About 40% of the U.S. population currently lives in areas designated nonattainment under the
1997 standard for ozone, 122 million people in all.6 Since the standard has been strengthened as a
result of a review completed in 2008 and the Administrator is now proposing a further
strengthening, more areas will be affected, and those already considered nonattainment may have
to impose more stringent emission controls.
The Primary Standard
The primary (health-based) standard promulgated in 1997 was set at 0.08 parts per million (ppm),
averaged over an 8-hour period. Allowing for rounding, EPA considered areas with readings as
high as 0.084 ppm (84 parts per billion) to have attained the standard.
The review completed in 2008 found evidence of health effects, including mortality, at levels of
exposure below the 0.08 ppm standard. As a result, both EPA staff and the Clean Air Scientific
Advisory Committee (CASAC) recommended strengthening the standard. According to CASAC,
“There is no scientific justification for retaining the current [0.08 ppm] primary 8-hr NAAQS.”7
The panel unanimously recommended a range of 0.060 to 0.070 ppm (60 to 70 parts per billion)
for the primary 8-hour standard.
EPA staff also recommended strengthening the standard, in wording not quite so direct. The staff
stated, “The overall body of evidence on ozone health effects clearly calls into question the
adequacy of the current standard.” They recommended “considering a standard level within the
range of somewhat below 0.080 parts per million (ppm) to 0.060 ppm.”8
Based on these recommendations, and his own judgment regarding the strength of the science,
Stephen Johnson, the Bush Administration’s last EPA Administrator, chose to finalize the standard
at 0.075 ppm (75 parts per billion).9 That revision has not yet been implemented, however: the
designation of nonattainment areas has not been completed, and the Obama Administration’s EPA

6 For information on the nonattainment areas, including maps and population data, see EPA’s “Green Book” at
http://www.epa.gov/oar/oaqps/greenbk/index.html.

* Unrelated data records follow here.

context
  fixes \<iota> :: "'k::field \<Rightarrow> 'a::ring_1"
  assumes \<iota>: "k_algebra_map \<iota>"
begin

lemma k_algebra_map_one: "\<iota> 1 = 1"
  and k_algebra_map_add: "\<iota> (x + y) = \<iota> x + \<iota> y"
  and k_algebra_map_mult: "\<iota> (x * y) = \<iota> x * \<iota> y"
  and k_algebra_map_commute: "\<iota> x * a = a * \<iota> x"
  using \<iota> unfolding k_algebra_map_def by blast+

lemma k_algebra_map_diff: "\<iota> (x - y) = \<iota> x - \<iota> y"
  using k_algebra_map_add[of "x - y" y] by (simp add: algebra_simps)

lemma two_sided_ideal_gen_cancel_scalar:
  assumes "x * \<iota> c \<in> two_sided_ideal_gen a" and "c \<noteq> 0"
  shows "x \<in> two_sided_ideal_gen a"
proof -
  have "1 * (x * \<iota> c) * \<iota> (inverse c) = x"
    using \<open>c \<noteq> 0\<close> by (simp add: mult.assoc k_algebra_map_mult[symmetric] k_algebra_map_one)
  then show ?thesis using two_sided_ideal_gen_mult[OF assms(1)] by metis
qed

lemma two_sided_ideal_gen_absorb_eigen:
  assumes "x * (1 - e) \<in> two_sided_ideal_gen a" and "e * t = \<iota> c * e"
  shows "x * (t - \<iota> c) \<in> two_sided_ideal_gen a"
proof -
  have "x * (1 - e) * (t - \<iota> c) = x * (t - \<iota> c) - x * (e * t - e * \<iota> c)"
    by (simp add: algebra_simps)
  also have "\<dots> = x * (t - \<iota> c)"
    using assms(2) k_algebra_map_commute[of c e] by simp
  finally show ?thesis using two_sided_ideal_gen_mult[OF assms(1), of 1 "t - \<iota> c"] by simp
qed

lemma two_sided_ideal_gen_of_distinct_eigen:
  assumes "x * (1 - e) \<in> two_sided_ideal_gen a" and "e * t = \<iota> b * e"
    and "x * (1 - f) \<in> two_sided_ideal_gen a" and "f * t = \<iota> c * f" and "b \<noteq> c"
  shows "x \<in> two_sided_ideal_gen a"
proof -
  have "x * (t - \<iota> b) - x * (t - \<iota> c) \<in> two_sided_ideal_gen a"
    using assms two_sided_ideal_gen_absorb_eigen two_sided_ideal_gen_diff by blast
  moreover have "x * (t - \<iota> b) - x * (t - \<iota> c) = x * \<iota> (c - b)"
    by (simp add: k_algebra_map_diff algebra_simps)
  ultimately show ?thesis using two_sided_ideal_gen_cancel_scalar \<open>b \<noteq> c\<close> by simp
qed

lemma inv_weighted_sum_smult:
  "inv_weighted_sum G \<iota> \<phi> (\<lambda>h. c * \<alpha> h) = \<iota> c * inv_weighted_sum G \<iota> \<phi> \<alpha>"
  unfolding inv_weighted_sum_def sum_distrib_left by (simp add: k_algebra_map_mult mult.assoc)

lemma char_idem_eq_inv_weighted_sum:
  "char_idem G \<iota> \<phi> \<psi> =
     inv_weighted_sum G \<iota> \<phi> (\<lambda>h. \<psi> \<one>\<^bsub>G\<^esub> / of_nat (card (carrier G)) * \<psi> h)"
  unfolding char_idem_def inv_weighted_sum_smult by (simp add: inv_weighted_sum_def)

7 Letter of Rogene Henderson, Chair, Clean Air Scientific Advisory Committee, to Hon. Stephen L. Johnson, EPA
Administrator, October 24, 2006, available at http://yosemite.epa.gov/sab/sabproduct.nsf/
AB290E0DB8B72A33852572120055858F/$File/casac-07-001.pdf.
8 “Review of National Ambient Air Quality Standards for Ozone Final Staff Paper, Human Exposure and Risk
Assessments and Environmental Report,” Fact Sheet, at http://www.epa.gov/ttn/naaqs/standards/ozone/data/
2007_01_finalsp_factsheet.pdf.
9 All of EPA’s references to the standard are expressed as parts per million (e.g., 0.075 ppm), but many references in
the press convert this to a more readable parts per billion (i.e., 75 parts per billion). In order to avoid confusion when
quoting from EPA sources, this report generally uses the more cumbersome parts-per-million form.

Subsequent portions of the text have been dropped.